■ **Task description**
Keep every line of the data below that has the string "finally" and present those lines.

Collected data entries

lemma prob_eliminating_epoch_fixed_region_le:
  assumes "0 < M" "0 < b"
    and card: "\<And>J. set J \<subseteq> {..<T} \<Longrightarrow> length J = M \<Longrightarrow> card ((\<lambda>h. map h (map x J)) ` H) \<le> S"
  shows "measure_pmf.prob (Pi_pmf {s..<T} False (\<lambda>t. bernoulli_pmf (p t)))
           {g. eliminating_epoch H M b hs T s Dk (\<lambda>i. (x i, g i))} \<le> real T * real S * exp (- real M * b\<^sup>2 / 2)"
proof -
  define Q where "Q = Pi_pmf {s..<T} False (\<lambda>t. bernoulli_pmf (p t))"
  define J where "J t = filter (\<lambda>i. x i \<in> Dk) [s..<Suc t]" for t
  define E where "E t = {g. length (J t) = M \<and> (\<exists>h\<in>H. eliminates b (map (\<lambda>i. (x i, g i)) (J t)) h hs)}" for t
  have "{g. eliminating_epoch H M b hs T s Dk (\<lambda>i. (x i, g i))} = (\<Union>t\<in>{s..<T}. E t)"
    unfolding eliminating_epoch_def E_def J_def by (auto simp del: upt_Suc)
  then have "measure_pmf.prob Q {g. eliminating_epoch H M b hs T s Dk (\<lambda>i. (x i, g i))}
      \<le> (\<Sum>t\<in>{s..<T}. measure_pmf.prob Q (E t))"
    by (simp add: measure_pmf.finite_measure_subadditive_finite)
  also have "\<dots> \<le> (\<Sum>t\<in>{s..<T}. real S * exp (- real M * b\<^sup>2 / 2))"
  proof (rule sum_mono)
    fix t assume t: "t \<in> {s..<T}"
    show "measure_pmf.prob Q (E t) \<le> real S * exp (- real M * b\<^sup>2 / 2)"
    proof (cases "length (J t) = M")
      case True
      have "distinct (J t)" "set (J t) \<subseteq> {s..<T}" using t by (auto simp: J_def)
      have "measure_pmf.prob Q (E t) = measure_pmf.prob Q
              {g. \<exists>h\<in>H. eliminates b (map (\<lambda>i. (x i, g i)) (J t)) h hs}"
        using True by (simp add: E_def)
      also have "\<dots> \<le> real S * exp (- real M * b\<^sup>2 / 2)"
        unfolding Q_def using \<open>distinct (J t)\<close> \<open>set (J t) \<subseteq> {s..<T}\<close> True assms(1,2)
        by (intro prob_eliminated_by_some_le card) auto
      finally show ?thesis .
    qed (simp add: E_def)
  qed
  also have "\<dots> \<le> real T * real S * exp (- real M * b\<^sup>2 / 2)"
    by (simp add: mult_right_mono mult.assoc)
  finally show ?thesis unfolding Q_def .
qed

■ **Answer space**
      finally show ?thesis .
  finally show ?thesis unfolding Q_def .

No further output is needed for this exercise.